_EXERCISE REQUIREMENTS_
Within the entries below, the lines from the one with "qed (use W in simp)" through the one with "unfolding colW by" are to be set down exactly, both ends kept.

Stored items
lemma real_unit_eigenvector:
  fixes A :: "real mat"
  assumes A: "A \<in> carrier_mat n n" and root: "poly (char_poly A) e = 0"
  shows "\<exists>v \<in> carrier_vec n. scalar_prod v v = 1 \<and> A *\<^sub>v v = e \<cdot>\<^sub>v v"
proof -
  have "eigenvalue A e" using eigenvalue_root_char_poly[OF A] root by simp
  then have "eigenvector A (find_eigenvector A e) e" by (rule find_eigenvector[OF A])
  then obtain w where w: "w \<in> carrier_vec n" "w \<noteq> 0\<^sub>v n" "A *\<^sub>v w = e \<cdot>\<^sub>v w"
    unfolding eigenvector_def using A by auto
  define s where "s = scalar_prod w w"
  have s: "s > 0" using conjugate_square_greater_0_vec[OF w(1)] w(2) by (simp add: s_def)
  define v where "v = (1 / sqrt s) \<cdot>\<^sub>v w"
  have "scalar_prod v v = 1"
    using s w(1) by (simp add: v_def smult_scalar_prod_distrib scalar_prod_smult_distrib s_def[symmetric])
  moreover have "A *\<^sub>v v = e \<cdot>\<^sub>v v"
    unfolding v_def using mult_mat_vec[OF A w(1)] w(3) by (simp add: smult_smult_assoc mult.commute)
  moreover have "v \<in> carrier_vec n" using w(1) by (simp add: v_def)
  ultimately show ?thesis by blast
qed

lemma transpose_orthogonal_conj:
  fixes A W :: "real mat"
  assumes A: "A \<in> carrier_mat n n" and W: "W \<in> carrier_mat n n" and sym: "transpose_mat A = A"
  shows "transpose_mat (transpose_mat W * A * W) = transpose_mat W * A * W"
proof -
  have WT: "transpose_mat W \<in> carrier_mat n n" using W by simp
  have "transpose_mat (transpose_mat W * A * W) = transpose_mat W * transpose_mat (transpose_mat W * A)"
    by (rule transpose_mult[OF mult_carrier_mat[OF WT A] W])
  also have "\<dots> = transpose_mat W * (A * W)"
    by (simp only: transpose_mult[OF WT A] transpose_transpose sym)
  finally show ?thesis by (simp add: assoc_mult_mat[OF WT A W])
qed

lemma col_0_orthogonal_conj:
  fixes A W :: "real mat"
  assumes A: "A \<in> carrier_mat n n" and W: "W \<in> carrier_mat n n" and WTW: "transpose_mat W * W = 1\<^sub>m n"
    and n: "0 < n" and colW: "col W 0 = v" and Av: "A *\<^sub>v v = e \<cdot>\<^sub>v v"
  shows "col (transpose_mat W * A * W) 0 = e \<cdot>\<^sub>v unit_vec n 0"
proof -
  have WT: "transpose_mat W \<in> carrier_mat n n" using W by simp
  have v: "v \<in> carrier_vec n" using W by (auto simp: colW[symmetric] col_def)
  have WTv: "transpose_mat W *\<^sub>v v = unit_vec n 0"
  proof (rule eq_vecI)
    fix i assume "i < dim_vec (unit_vec n 0)"
    then have i: "i < n" by simp
    have "(transpose_mat W *\<^sub>v v) $ i = (transpose_mat W * W) $$ (i, 0)"
      using i W n by (simp add: index_mult_mat colW[symmetric])
    then show "(transpose_mat W *\<^sub>v v) $ i = unit_vec n 0 $ i" using WTW i n by simp
  qed (use W in simp)
  have "col (transpose_mat W * A * W) 0 = (transpose_mat W * A) *\<^sub>v col W 0"
    by (rule col_mult2[OF mult_carrier_mat[OF WT A] W n])
  also have "\<dots> = transpose_mat W *\<^sub>v (A *\<^sub>v v)"
    unfolding colW by (rule assoc_mult_mat_vec[OF WT A v])
  also have "\<dots> = e \<cdot>\<^sub>v unit_vec n 0" using Av mult_mat_vec[OF WT v] WTv by simp
  finally show ?thesis .
qed

lemma sym_mat_block_form:
  fixes B :: "real mat"
  assumes B: "B \<in> carrier_mat (Suc m) (Suc m)" and sym: "transpose_mat B = B"
    and col0: "col B 0 = e \<cdot>\<^sub>v unit_vec (Suc m) 0"
  shows "\<exists>A3 \<in> carrier_mat m m. transpose_mat A3 = A3 \<and>
           B = four_block_mat (mat 1 1 (\<lambda>_. e)) (0\<^sub>m 1 m) (0\<^sub>m m 1) A3"
proof -
  have Bi0: "B $$ (i, 0) = (if i = 0 then e else 0)" if "i < Suc m" for i
    using arg_cong[OF col0, of "\<lambda>x. x $ i"] that B by simp
  have B0j: "B $$ (0, j) = (if j = 0 then e else 0)" if "j < Suc m" for j
  proof -
    have "B $$ (0, j) = transpose_mat B $$ (j, 0)" using B that by simp
    then show ?thesis using sym Bi0[OF that] by simp
  qed
  define A3 where "A3 = mat m m (\<lambda>(i, j). B $$ (Suc i, Suc j))"
  have "transpose_mat A3 = A3"
  proof (rule eq_matI)
    fix i j assume "i < dim_row A3" "j < dim_col A3"
    then have "i < m" "j < m" by (auto simp: A3_def)
    moreover have "B $$ (Suc j, Suc i) = transpose_mat B $$ (Suc i, Suc j)" if "i < m" "j < m"
      using that B by simp
    ultimately show "transpose_mat A3 $$ (i, j) = A3 $$ (i, j)" by (simp add: A3_def sym)
  qed (auto simp: A3_def)
  moreover have "B = four_block_mat (mat 1 1 (\<lambda>_. e)) (0\<^sub>m 1 m) (0\<^sub>m m 1) A3"
  proof (rule eq_matI)
    fix i j assume "i < dim_row (four_block_mat (mat 1 1 (\<lambda>_. e)) (0\<^sub>m 1 m) (0\<^sub>m m 1) A3)"
      "j < dim_col (four_block_mat (mat 1 1 (\<lambda>_. e)) (0\<^sub>m 1 m) (0\<^sub>m m 1) A3)"
    then have i: "i < Suc m" and j: "j < Suc m" by (auto simp: A3_def)
    show "B $$ (i, j) = four_block_mat (mat 1 1 (\<lambda>_. e)) (0\<^sub>m 1 m) (0\<^sub>m m 1) A3 $$ (i, j)"
    proof (cases "i = 0 \<or> j = 0")
      case True
      then show ?thesis using Bi0 B0j i j by (auto simp: A3_def)
    next
      case False
      then obtain i1 j1 where "i = Suc i1" "j = Suc j1" by (cases i; cases j) auto
      then show ?thesis using i j by (simp add: A3_def)
    qed
  qed (use B in \<open>auto simp: A3_def\<close>)
  moreover have "A3 \<in> carrier_mat m m" by (simp add: A3_def)
  ultimately show ?thesis by blast
qed

lemma index_mult_mat_vec_sum:
  "B \<in> carrier_mat n n' \<Longrightarrow> y \<in> carrier_vec n' \<Longrightarrow> i < n \<Longrightarrow>
    (B *\<^sub>v y) $ i = (\<Sum>j<n'. B $$ (i, j) * y $ j)"
  by (auto simp: scalar_prod_def atLeast0LessThan intro!: sum.cong)

lemma quadratic_form_four_block_diag:
  fixes A3 :: "real mat"
  assumes A3: "A3 \<in> carrier_mat m m" and y: "y \<in> carrier_vec (Suc m)"
  defines "z \<equiv> vec m (\<lambda>i. y $ Suc i)"
  shows "scalar_prod y (four_block_mat (mat 1 1 (\<lambda>_. e)) (0\<^sub>m 1 m) (0\<^sub>m m 1) A3 *\<^sub>v y)
           = e * (y $ 0)^2 + scalar_prod z (A3 *\<^sub>v z)"
    and "scalar_prod z z = scalar_prod y y - (y $ 0)^2"
proof -
  let ?B = "four_block_mat (mat 1 1 (\<lambda>_. e)) (0\<^sub>m 1 m) (0\<^sub>m m 1) A3"
  have z: "z \<in> carrier_vec m" by (simp add: z_def)
  have B: "?B \<in> carrier_mat (Suc m) (Suc m)" using A3 by auto
  have By: "(?B *\<^sub>v y) $ i = (if i = 0 then e * y $ 0 else (A3 *\<^sub>v z) $ (i - 1))"
    if i: "i < Suc m" for i
  proof -
    have "(?B *\<^sub>v y) $ i = (\<Sum>j<Suc m. ?B $$ (i, j) * y $ j)"
      by (rule index_mult_mat_vec_sum[OF B y i])
    also have "\<dots> = ?B $$ (i, 0) * y $ 0 + (\<Sum>j<m. ?B $$ (i, Suc j) * y $ Suc j)"
      by (simp add: sum.lessThan_Suc_shift del: sum.lessThan_Suc)
    also have "\<dots> = (if i = 0 then e * y $ 0 else (A3 *\<^sub>v z) $ (i - 1))"
      using i A3 by (cases i) (auto simp: z_def scalar_prod_eq_sum[of _ m] row_def)
    finally show ?thesis .
  qed
  have "scalar_prod y (?B *\<^sub>v y) = (\<Sum>i<Suc m. y $ i * (?B *\<^sub>v y) $ i)"
    using y B by (simp add: scalar_prod_eq_sum[of _ "Suc m"])
  also have "\<dots> = e * (y $ 0)^2 + scalar_prod z (A3 *\<^sub>v z)"
    using A3 z By
    by (simp add: sum.lessThan_Suc_shift scalar_prod_eq_sum[of _ m] z_def power2_eq_square
        del: sum.lessThan_Suc)
  finally show "scalar_prod y (?B *\<^sub>v y) = e * (y $ 0)^2 + scalar_prod z (A3 *\<^sub>v z)" .
  show "scalar_prod z z = scalar_prod y y - (y $ 0)^2"
    using y by (simp add: scalar_prod_eq_sum[of _ "Suc m"] scalar_prod_eq_sum[of _ m] z_def
        sum.lessThan_Suc_shift power2_eq_square del: sum.lessThan_Suc)
qed

lemma quadratic_form_orthogonal_conj:
  fixes A W :: "real mat"
  assumes A: "A \<in> carrier_mat n n" and W: "W \<in> carrier_mat n n"
    and WWT: "W * transpose_mat W = 1\<^sub>m n" and x: "x \<in> carrier_vec n"
  defines "y \<equiv> transpose_mat W *\<^sub>v x"
  shows "scalar_prod x (A *\<^sub>v x) = scalar_prod y ((transpose_mat W * A * W) *\<^sub>v y)"
    and "scalar_prod y y = scalar_prod x x"
proof -
  have WT: "transpose_mat W \<in> carrier_mat n n" using W by simp
  have y: "y \<in> carrier_vec n" using WT x by (simp add: y_def)
  have xWy: "x = W *\<^sub>v y"
    unfolding y_def using assoc_mult_mat_vec[OF W WT x] WWT x by simp
  have "scalar_prod x (A *\<^sub>v x) = scalar_prod y (transpose_mat W *\<^sub>v (A *\<^sub>v (W *\<^sub>v y)))"
    using xWy transpose_vec_mult_scalar[OF WT, of "A *\<^sub>v (W *\<^sub>v y)" y] A W y by simp
  also have "\<dots> = scalar_prod y ((transpose_mat W * A * W) *\<^sub>v y)"
    using A W WT y by (simp add: assoc_mult_mat_vec[of _ n n _ n])
  finally show "scalar_prod x (A *\<^sub>v x) = scalar_prod y ((transpose_mat W * A * W) *\<^sub>v y)" .
  have "scalar_prod y y = scalar_prod x (W *\<^sub>v y)"
    using transpose_vec_mult_scalar[OF W y x] by (simp add: y_def)
  then show "scalar_prod y y = scalar_prod x x" using xWy by simp
qed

_TASK OUTPUT_
  qed (use W in simp)
  have "col (transpose_mat W * A * W) 0 = (transpose_mat W * A) *\<^sub>v col W 0"
    by (rule col_mult2[OF mult_carrier_mat[OF WT A] W n])
  also have "\<dots> = transpose_mat W *\<^sub>v (A *\<^sub>v v)"
    unfolding colW by (rule assoc_mult_mat_vec[OF WT A v])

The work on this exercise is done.